Prometeo encadenado es una de las obras más inspiradas de la humanidad. Se mueve con
facilidad en un mundo trascendental donde las perspectivas son mayores y más claras que en la
tierra misma. Prometeo es la personificación del espíritu, aceptando el sufrimiento a cambio del
bien que puede hacer. Su orgullo indomable se contrasta con el gárrulo Océano y con la torturada Ío
al mismo tiempo que sus discursos son magníficos argumentos para justificar su conducta; sin
olvidar el abuso de poder que representa en la figura de Zeus.
El conflicto se establece entre dos causas, el mejoramiento de la humanidad y la necesidad
del orden. Esquilo había presenciado el auge del imperio ateniense, y sabía que toda consolidación
del poder implicar el sacrificio de algunas cosas buenas. Creía que aun los dioses pueden aprender y
perfeccionar sus métodos; por ello concibió una reconciliación final entre los dos poderes opuestos.
La siguiente obra de Esquilo vuelve a tratar la edad heroica y, en 467 a.C., representó una
trilogía sobre los pecados y las calamidades de la casa de Labdaco. Desgraciadamente, solo se
conserva la tercera tragedia, Los siete contra Tebas.

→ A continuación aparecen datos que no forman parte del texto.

lemma cylinder_basis:
  assumes "openin (Dpow \<zeta>) U" and "x \<in> U"
  obtains D where "finite D" "D \<subseteq> \<zeta> \<times> UNIV" "cylinder \<zeta> ((Some \<circ> case_prod x) |` D) \<subseteq> U"
proof -
  obtain J W where J: "finite J" "J \<subseteq> \<zeta>" and xW: "\<And>s. s \<in> J \<Longrightarrow> openin Dtop (W s) \<and> x s \<in> W s"
    and JWU: "{y \<in> topspace (product_topology (\<lambda>_. Dtop) \<zeta>). \<forall>s\<in>J. y s \<in> W s} \<subseteq> U"
    using product_topology_neighbourhood[OF assms[unfolded Dpow_def]] by blast
  have "\<forall>s\<in>J. \<exists>L. finite L \<and> {z. \<forall>k\<in>L. z k = x s k} \<subseteq> W s"
  proof
    fix s assume "s \<in> J"
    with xW have "openin (product_topology (\<lambda>_. discrete_topology UNIV) UNIV) (W s)" "x s \<in> W s"
      by (auto simp: Dtop_def)
    then show "\<exists>L. finite L \<and> {z. \<forall>k\<in>L. z k = x s k} \<subseteq> W s"
    proof (rule product_topology_neighbourhood)
      fix L V
      assume "finite L" and "\<And>k. k \<in> L \<Longrightarrow> openin (discrete_topology UNIV) (V k) \<and> x s k \<in> V k"
        and "{z \<in> topspace (product_topology (\<lambda>_. discrete_topology UNIV) UNIV). \<forall>k\<in>L. z k \<in> V k}
          \<subseteq> W s"
      then show ?thesis by (intro exI[of _ L]) auto
    qed
  qed
  from bchoice[OF this] obtain L where L: "\<forall>s\<in>J. finite (L s) \<and> {z. \<forall>k\<in>L s. z k = x s k} \<subseteq> W s"
    by blast
  show thesis
  proof
    show "finite (Sigma J L)" "Sigma J L \<subseteq> \<zeta> \<times> UNIV" using J L by auto
    show "cylinder \<zeta> ((Some \<circ> case_prod x) |` Sigma J L) \<subseteq> U"
    proof
      fix y assume y: "y \<in> cylinder \<zeta> ((Some \<circ> case_prod x) |` Sigma J L)"
      have "y s \<in> W s" if "s \<in> J" for s
      proof -
        have "y s k = x s k" if "k \<in> L s" for k
          using y \<open>s \<in> J\<close> that by (auto simp: mem_cylinder_restrict_iff)
        then show ?thesis using L \<open>s \<in> J\<close> by blast
      qed
      moreover have "y \<in> topspace (product_topology (\<lambda>_. Dtop) \<zeta>)"
        using y by (simp add: mem_cylinder_restrict_iff Dpow_def)
      ultimately show "y \<in> U" using JWU by blast
    qed
  qed
qed

lemma nowhere_dense_in_Dpow_avoid:
  assumes N: "nowhere_dense_in (Dpow \<zeta>) N" and p: "condition \<zeta> p"
  obtains r where "condition \<zeta> r" "p \<subseteq>\<^sub>m r" "cylinder \<zeta> r \<inter> N = {}"
proof -
  let ?T = "Dpow \<zeta>"
  have "\<not> cylinder \<zeta> p \<subseteq> ?T closure_of N"
  proof
    assume "cylinder \<zeta> p \<subseteq> ?T closure_of N"
    then have "cylinder \<zeta> p \<subseteq> ?T interior_of (?T closure_of N)"
      using openin_cylinder[OF p] by (rule interior_of_maximal)
    then show False
      using N cylinder_nonempty[OF p] by (auto simp: nowhere_dense_in_def)
  qed
  then obtain x where x: "x \<in> cylinder \<zeta> p" "x \<notin> ?T closure_of N"
    by blast
  have "openin ?T (cylinder \<zeta> p - ?T closure_of N)"
    using openin_cylinder[OF p] by (rule openin_diff) simp
  then obtain D where D: "finite D" "D \<subseteq> \<zeta> \<times> UNIV"
    and DN: "cylinder \<zeta> ((Some \<circ> case_prod x) |` D) \<subseteq> cylinder \<zeta> p - ?T closure_of N"
    using x by (elim cylinder_basis) auto
  let ?r = "(Some \<circ> case_prod x) |` (D \<union> dom p)"
  show thesis
  proof
    show "condition \<zeta> ?r"
      using D p by (auto simp: condition_def)
    show "p \<subseteq>\<^sub>m ?r"
      using x(1) by (auto simp: cylinder_def map_le_def)
    have "cylinder \<zeta> ?r \<subseteq> cylinder \<zeta> ((Some \<circ> case_prod x) |` D)"
      by (rule cylinder_antimono) (auto simp: map_le_def)
    moreover have "N \<subseteq> ?T closure_of N"
      using N by (simp add: closure_of_subset nowhere_dense_in_def)
    ultimately show "cylinder \<zeta> ?r \<inter> N = {}"
      using DN by blast
  qed
qed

Los hijos de Edipo se matan mutuamente en combate, lo que pone final a la raza maldita. Pero, en la
obra la maldición queda en un segundo plano. Etéocles, el hijo que defiende a Tebas contra su
hermano, prototipo de guerreros y de gran hombre, además de ser jefe y casi el personaje principal. Él
mismo anuncia la inevitable guerra, mofándose del coro de mujeres, por la cobardía con que acoge la
noticia, y toma las medidas del caso para prevenir todas las posibles vicisitudes. La mayor parte del
drama consiste en escenas en que se le ve dictando órdenes; y aunque en ellas hay poca acción, poseen
una gran belleza dramática y descriptiva. Al fin, Etéocles sale a defender la ciudad y a combatir a su
hermano, y poco después averiguamos que ambos han muerto. Este es, probablemente, el final, pero la
obra nos conduce a la amenazante sentencia de Antígona, que conecta la conclusión de Esquilo con la
obra de Sófocles y Eurípides. Esta última escena, es, seguramente, una adición posterior.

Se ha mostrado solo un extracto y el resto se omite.